The mid-year budget review is a constitutional directive contained in Section 28 of Public Financial Management Act.
The Finance Minister will later Monday, answer to the MPs questions like: “How are we doing on fiscal targets we set for ourselves? How are we doing on macroeconomic indicators? Are you going to revise any of the targets?….How is the outlook like?” the deputy Minister said.
Already, the government is set to miss its revenue target for the first quarter. The government raised ₵10 billion from domestic revenue as against the ₵12 billion target.
Revenue from taxes was ₵8.7billion, missing a target of ₵10 billion.
While the government is not collecting enough to meet its targets, it is also not spending as much as it had planned.
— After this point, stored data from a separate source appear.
(* Let $m_1,m_2,m_3,m_4>0$, $M=\sum m_i$, $I(\mathbf{r})=\frac{1}{2M}\sum_{i<j}m_im_jr_{ij}^2$ and $P(\mathbf{r})=r_{12}r_{34}+r_{14}r_{23}-r_{13}r_{24}$ for $\mathbf{r}=(r_{12},r_{13},r_{14},r_{23},r_{24},r_{34})\in\mathbb{R}^6$. Then the set $\mathcal{M}=\{\mathbf{r}\in\mathbb{R}^6: I(\mathbf{r})=1,\ P(\mathbf{r})=0\}$ is diffeomorphic to the oriented Grassmannian $\mathrm{Gr}_+(2,4)=SO(4)/(SO(2)\times SO(2))$ of oriented 2-planes in $\mathbb{R}^4$, and to $S^2\times S^2$. *)

theory Defs
  imports "HOL-Analysis.Analysis"
begin

text \<open>Taken coinductively (greatest fixed point), this is exactly infinite differentiability.\<close>
coinductive smooth_on :: "'a::euclidean_space set \<Rightarrow> ('a \<Rightarrow> 'b::euclidean_space) \<Rightarrow> bool"
  for U :: "'a set" where
  "f differentiable_on U \<Longrightarrow>
   (\<And>i. i \<in> Basis \<Longrightarrow> smooth_on U (\<lambda>x. frechet_derivative f (at x) i)) \<Longrightarrow>
   smooth_on U f"

text \<open>Smooth maps on arbitrary subsets of Euclidean space (Milnor): locally the
  restriction of a C-infinity map defined on an open neighbourhood.\<close>
definition smooth_map :: "'a::euclidean_space set \<Rightarrow> ('a \<Rightarrow> 'b::euclidean_space) \<Rightarrow> bool" where
  "smooth_map X f \<longleftrightarrow>
     (\<forall>x\<in>X. \<exists>U F. open U \<and> x \<in> U \<and> smooth_on U F \<and> (\<forall>y\<in>U \<inter> X. F y = f y))"

definition diffeomorphic_sets :: "'a::euclidean_space set \<Rightarrow> 'b::euclidean_space set \<Rightarrow> bool" where
  "diffeomorphic_sets X Y \<longleftrightarrow>
     (\<exists>f g. f ` X \<subseteq> Y \<and> g ` Y \<subseteq> X \<and> (\<forall>x\<in>X. g (f x) = x) \<and> (\<forall>y\<in>Y. f (g y) = y)
            \<and> smooth_map X f \<and> smooth_map Y g)"

text \<open>Coordinates of r in R^6: r$1 = r12, r$2 = r13, r$3 = r14, r$4 = r23, r$5 = r24, r$6 = r34.\<close>
definition moment_I :: "real \<Rightarrow> real \<Rightarrow> real \<Rightarrow> real \<Rightarrow> real^6 \<Rightarrow> real" where
  "moment_I m1 m2 m3 m4 r =
     (1 / (2 * (m1 + m2 + m3 + m4))) *
       (m1*m2 * (r$1)^2 + m1*m3 * (r$2)^2 + m1*m4 * (r$3)^2
        + m2*m3 * (r$4)^2 + m2*m4 * (r$5)^2 + m3*m4 * (r$6)^2)"

definition ptolemy_P :: "real^6 \<Rightarrow> real" where
  "ptolemy_P r = (r$1) * (r$6) + (r$3) * (r$4) - (r$2) * (r$5)"

definition shape_M :: "real \<Rightarrow> real \<Rightarrow> real \<Rightarrow> real \<Rightarrow> (real^6) set" where
  "shape_M m1 m2 m3 m4 = {r. moment_I m1 m2 m3 m4 r = 1 \<and> ptolemy_P r = 0}"

text \<open>Pluecker coordinates u \<and> v of a pair of vectors in R^4 (basis e_ij, i<j, lexicographic).\<close>
definition pluecker :: "real^4 \<Rightarrow> real^4 \<Rightarrow> real^6" where
  "pluecker u v = vector
     [u$1 * v$2 - u$2 * v$1, u$1 * v$3 - u$3 * v$1, u$1 * v$4 - u$4 * v$1,
      u$2 * v$3 - u$3 * v$2, u$2 * v$4 - u$4 * v$2, u$3 * v$4 - u$4 * v$3]"

text \<open>Oriented Grassmannian Gr+(2,4), embedded in \<Lambda>^2 R^4 = R^6 via the Pluecker map:
  an oriented plane with oriented orthonormal basis (u,v) corresponds to u \<and> v.\<close>
definition oriented_grassmannian_2_4 :: "(real^6) set" where
  "oriented_grassmannian_2_4 =
     {pluecker u v | u v. norm u = 1 \<and> norm v = 1 \<and> inner u v = 0}"

definition sphere2_times_sphere2 :: "((real^3) \<times> (real^3)) set" where
  "sphere2_times_sphere2 = sphere 0 1 \<times> sphere 0 1"

end

theory Submission
  imports Defs
begin

text \<open>
  Rescaling each coordinate \<open>r\<^sub>i\<^sub>j\<close> by \<open>sqrt (m\<^sub>i m\<^sub>j / 2M)\<close> is a linear automorphism
  of \<open>\<real>\<^sup>6\<close> that turns \<open>I\<close> into the squared Euclidean norm and multiplies \<open>P\<close> by the
  positive constant \<open>sqrt (m\<^sub>1 m\<^sub>2 m\<^sub>3 m\<^sub>4) / 2M\<close>, so the shape space is linearly isomorphic to the
  "Ptolemy sphere" \<open>{p. |p| = 1, P p = 0}\<close>. Reading \<open>\<real>\<^sup>6\<close> as \<open>\<Lambda>\<^sup>2\<real>\<^sup>4\<close>, \<open>P\<close> is the
  Pluecker quadric: \<open>P p = 0\<close> means that \<open>p\<close> is a multiple of some \<open>a \<and> b\<close>, and Gram-Schmidt
  on \<open>a, b\<close> writes a unit such \<open>p\<close> as \<open>u \<and> v\<close> with \<open>u, v\<close> orthonormal. So the Ptolemy
  sphere is exactly the Pluecker image of the oriented Grassmannian. Finally, in the
  bases \<open>e\<^sub>i\<^sub>j \<plusminus> *e\<^sub>i\<^sub>j\<close>, the coordinate vectors of the self-dual and anti-self-dual parts
  \<open>p \<plusminus> *p\<close> have squared norms \<open>|p|\<^sup>2 \<plusminus> 2 P p\<close>, so
  the Ptolemy sphere is a linear image of \<open>S\<^sup>2 \<times> S\<^sup>2\<close>. All maps involved are linear, hence smooth.
\<close>

lemma smooth_on_affine:
  fixes h :: "'a::euclidean_space \<Rightarrow> 'b::euclidean_space"
  assumes "linear h"
  shows "smooth_on U (\<lambda>x. h x + c)"
  using assms
proof (coinduction arbitrary: h c rule: smooth_on.coinduct)
  case smooth_on
  then have deriv: "((\<lambda>x. h x + c) has_derivative h) (at x)" for x
    by (auto intro!: derivative_eq_intros linear_imp_has_derivative)
  then have "frechet_derivative (\<lambda>x. h x + c) (at x) = h" for x
    by (rule frechet_derivative_at[symmetric])
  moreover have "(\<lambda>x. h x + c) differentiable_on U"
    using deriv differentiable_at_imp_differentiable_on differentiable_def by blast
  ultimately show ?case
    by (auto intro!: exI[of _ "\<lambda>_. 0"] linear_zero)
qed

lemma smooth_map_linear:
  fixes f :: "'a::euclidean_space \<Rightarrow> 'b::euclidean_space"
  assumes "linear f"
  shows "smooth_map X f"
  using smooth_on_affine[OF assms, of UNIV 0] unfolding smooth_map_def by auto

definition linearly_isomorphic_sets :: "'a::euclidean_space set \<Rightarrow> 'b::euclidean_space set \<Rightarrow> bool" where
  "linearly_isomorphic_sets X Y \<longleftrightarrow>
     (\<exists>f g. linear f \<and> linear g \<and> (\<forall>x. g (f x) = x) \<and> (\<forall>y. f (g y) = y) \<and> f ` X = Y)"

lemma linearly_isomorphic_sets_vimage:
  assumes "linear f" "linear g" "\<And>x. g (f x) = x" "\<And>y. f (g y) = y"
  shows "linearly_isomorphic_sets (f -` Y) Y"
proof -
  have "surj f" using assms(4) by (metis surjI)
  then show ?thesis
    unfolding linearly_isomorphic_sets_def using assms surj_image_vimage_eq by blast
qed

lemma linearly_isomorphic_sets_trans:
  assumes "linearly_isomorphic_sets X Y" "linearly_isomorphic_sets Y Z"
  shows "linearly_isomorphic_sets X Z"
proof -
  obtain f g where "linear f" "linear g" "\<And>x. g (f x) = x" "\<And>y. f (g y) = y" "f ` X = Y"
    using assms(1) unfolding linearly_isomorphic_sets_def by blast
  moreover obtain f' g' where "linear f'" "linear g'" "\<And>x. g' (f' x) = x" "\<And>y. f' (g' y) = y"
    "f' ` Y = Z"
    using assms(2) unfolding linearly_isomorphic_sets_def by blast
  ultimately show ?thesis
    unfolding linearly_isomorphic_sets_def
    by (intro exI[of _ "f' \<circ> f"] exI[of _ "g \<circ> g'"]) (auto simp: linear_compose image_comp)
qed

lemma diffeomorphic_sets_if_linearly_isomorphic:
  assumes "linearly_isomorphic_sets X Y"
  shows "diffeomorphic_sets X Y"
proof -
  obtain f g where "linear f" "linear g" "\<And>x. g (f x) = x" "\<And>y. f (g y) = y" "f ` X = Y"
    using assms unfolding linearly_isomorphic_sets_def by blast
  then show ?thesis
    unfolding diffeomorphic_sets_def by (intro exI[of _ f] exI[of _ g]) (auto simp: smooth_map_linear)
qed

lemma exhaust_6:
  fixes x :: 6
  shows "x = 1 \<or> x = 2 \<or> x = 3 \<or> x = 4 \<or> x = 5 \<or> x = 6"
proof (induct x)
  case (of_int z)
  then have "z = 0 \<or> z = 1 \<or> z = 2 \<or> z = 3 \<or> z = 4 \<or> z = 5" by fastforce
  then show ?case by auto
qed

lemma forall_6: "(\<forall>i::6. P i) \<longleftrightarrow> P 1 \<and> P 2 \<and> P 3 \<and> P 4 \<and> P 5 \<and> P 6"
  by (metis exhaust_6)

lemma UNIV_6: "UNIV = {1, 2, 3, 4, 5, 6::6}"
  using exhaust_6 by auto

lemma sum_6: "sum f (UNIV::6 set) = f 1 + f 2 + f 3 + f 4 + f 5 + f 6"
  unfolding UNIV_6 by (simp add: ac_simps)

lemma vector_4 [simp]:
  "(vector [a, b, c, d] :: ('a::zero)^4)$1 = a"
  "(vector [a, b, c, d] :: ('a::zero)^4)$2 = b"
  "(vector [a, b, c, d] :: ('a::zero)^4)$3 = c"
  "(vector [a, b, c, d] :: ('a::zero)^4)$4 = d"
  unfolding vector_def by simp_all

lemma vector_6 [simp]:
  "(vector [a, b, c, d, e, f] :: ('a::zero)^6)$1 = a"
  "(vector [a, b, c, d, e, f] :: ('a::zero)^6)$2 = b"
  "(vector [a, b, c, d, e, f] :: ('a::zero)^6)$3 = c"
  "(vector [a, b, c, d, e, f] :: ('a::zero)^6)$4 = d"
  "(vector [a, b, c, d, e, f] :: ('a::zero)^6)$5 = e"
  "(vector [a, b, c, d, e, f] :: ('a::zero)^6)$6 = f"
  unfolding vector_def by simp_all

lemma vec_6_eq_iff:
  "(x::'a^6) = y \<longleftrightarrow> x$1 = y$1 \<and> x$2 = y$2 \<and> x$3 = y$3 \<and> x$4 = y$4 \<and> x$5 = y$5 \<and> x$6 = y$6"
  unfolding vec_eq_iff forall_6 ..

lemma vec_3_eq_iff: "(x::'a^3) = y \<longleftrightarrow> x$1 = y$1 \<and> x$2 = y$2 \<and> x$3 = y$3"
  unfolding vec_eq_iff forall_3 ..

lemma inner_vec_6: "inner (x::real^6) y = x$1*y$1 + x$2*y$2 + x$3*y$3 + x$4*y$4 + x$5*y$5 + x$6*y$6"
  by (simp add: inner_vec_def sum_6)

lemma inner_vec_4: "inner (x::real^4) y = x$1*y$1 + x$2*y$2 + x$3*y$3 + x$4*y$4"
  by (simp add: inner_vec_def sum_4)

lemma inner_vec_3: "inner (x::real^3) y = x$1*y$1 + x$2*y$2 + x$3*y$3"
  by (simp add: inner_vec_def sum_3)

definition ptolemy_sphere :: "(real^6) set" where
  "ptolemy_sphere = {p. norm p = 1 \<and> ptolemy_P p = 0}"

text \<open>Multiplication on \<open>real^6\<close> is componentwise, so \<open>mass_weights m1 m2 m3 m4 * r\<close>
  rescales \<open>r\<^sub>i\<^sub>j\<close> by \<open>sqrt (m\<^sub>i m\<^sub>j / 2M)\<close>.\<close>
definition mass_weights :: "real \<Rightarrow> real \<Rightarrow> real \<Rightarrow> real \<Rightarrow> real^6" where
  "mass_weights m1 m2 m3 m4 = vector
     [sqrt (m1*m2 / (2*(m1+m2+m3+m4))), sqrt (m1*m3 / (2*(m1+m2+m3+m4))),
      sqrt (m1*m4 / (2*(m1+m2+m3+m4))), sqrt (m2*m3 / (2*(m1+m2+m3+m4))),
      sqrt (m2*m4 / (2*(m1+m2+m3+m4))), sqrt (m3*m4 / (2*(m1+m2+m3+m4)))]"

context
  fixes m1 m2 m3 m4 :: real
  assumes pos: "m1 > 0" "m2 > 0" "m3 > 0" "m4 > 0"
begin

lemma mass_weights_nonzero: "mass_weights m1 m2 m3 m4 $ i \<noteq> 0"
  using pos exhaust_6[of i] by (auto simp: mass_weights_def)

lemma moment_I_eq_norm_mass_weights:
  "moment_I m1 m2 m3 m4 r = (norm (mass_weights m1 m2 m3 m4 * r))\<^sup>2"
  using pos
  by (simp add: moment_I_def mass_weights_def power2_norm_eq_inner inner_vec_6 power_mult_distrib
      add_divide_distrib flip: power2_eq_square)

lemma ptolemy_P_mass_weights:
  "ptolemy_P (mass_weights m1 m2 m3 m4 * r) =
     sqrt (m1*m2*m3*m4) / (2*(m1+m2+m3+m4)) * ptolemy_P r"
proof -
  define M where "M = m1 + m2 + m3 + m4"
  define K where "K = sqrt (m1*m2*m3*m4) / (2*M)"
  define k where "k = mass_weights m1 m2 m3 m4"
  have "M > 0" using pos by (simp add: M_def)
  have sqrt_pair: "sqrt (a / (2*M)) * sqrt (b / (2*M)) = sqrt (a*b) / (2*M)"
    if "a \<ge> 0" "b \<ge> 0" for a b
    using \<open>M > 0\<close> that
    by (simp add: real_sqrt_mult[symmetric] real_sqrt_divide power2_eq_square[symmetric])
  have "k$1 * k$6 = K" "k$3 * k$4 = K" "k$2 * k$5 = K"
    unfolding k_def mass_weights_def M_def[symmetric] K_def using pos
    by (simp_all add: sqrt_pair mult.assoc)
  moreover have "ptolemy_P (k * r) = (k$1*k$6)*(r$1*r$6) + (k$3*k$4)*(r$3*r$4) - (k$2*k$5)*(r$2*r$5)"
    by (simp add: ptolemy_P_def ac_simps)
  ultimately have "ptolemy_P (k * r) = K * ptolemy_P r"
    by (simp add: ptolemy_P_def algebra_simps)
  then show ?thesis
    by (simp add: k_def K_def M_def)
qed

lemma shape_M_eq_vimage:
  "shape_M m1 m2 m3 m4 = (\<lambda>r. mass_weights m1 m2 m3 m4 * r) -` ptolemy_sphere"
proof -
  have "sqrt (m1*m2*m3*m4) / (2*(m1+m2+m3+m4)) > 0"
    using pos by simp
  then show ?thesis
    by (auto simp: shape_M_def ptolemy_sphere_def moment_I_eq_norm_mass_weights
        ptolemy_P_mass_weights power2_norm_eq_inner norm_eq_1)
qed

lemma linearly_isomorphic_shape_M_ptolemy_sphere:
  "linearly_isomorphic_sets (shape_M m1 m2 m3 m4) ptolemy_sphere"
  unfolding shape_M_eq_vimage
  by (rule linearly_isomorphic_sets_vimage[where g = "\<lambda>p. (\<chi> i. inverse (mass_weights m1 m2 m3 m4 $ i)) * p"])
    (simp_all add: vec_eq_iff mass_weights_nonzero)

end

lemma ptolemy_P_pluecker: "ptolemy_P (pluecker u v) = 0"
  by (simp add: ptolemy_P_def pluecker_def algebra_simps)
The government had planned to spend almost ₵17 billion, it actually spent ₵13.4 billion by the end of April.
The missed revenue collection targets were predicted by the Minority which warned that the Akufo-Addo government’s plan to scrap taxes will hurt its ability to raise revenue.
The government passed the Customs Amendment Bill to scrap eight taxes and review about three more taxes as part of its plan to move away from taxation to production.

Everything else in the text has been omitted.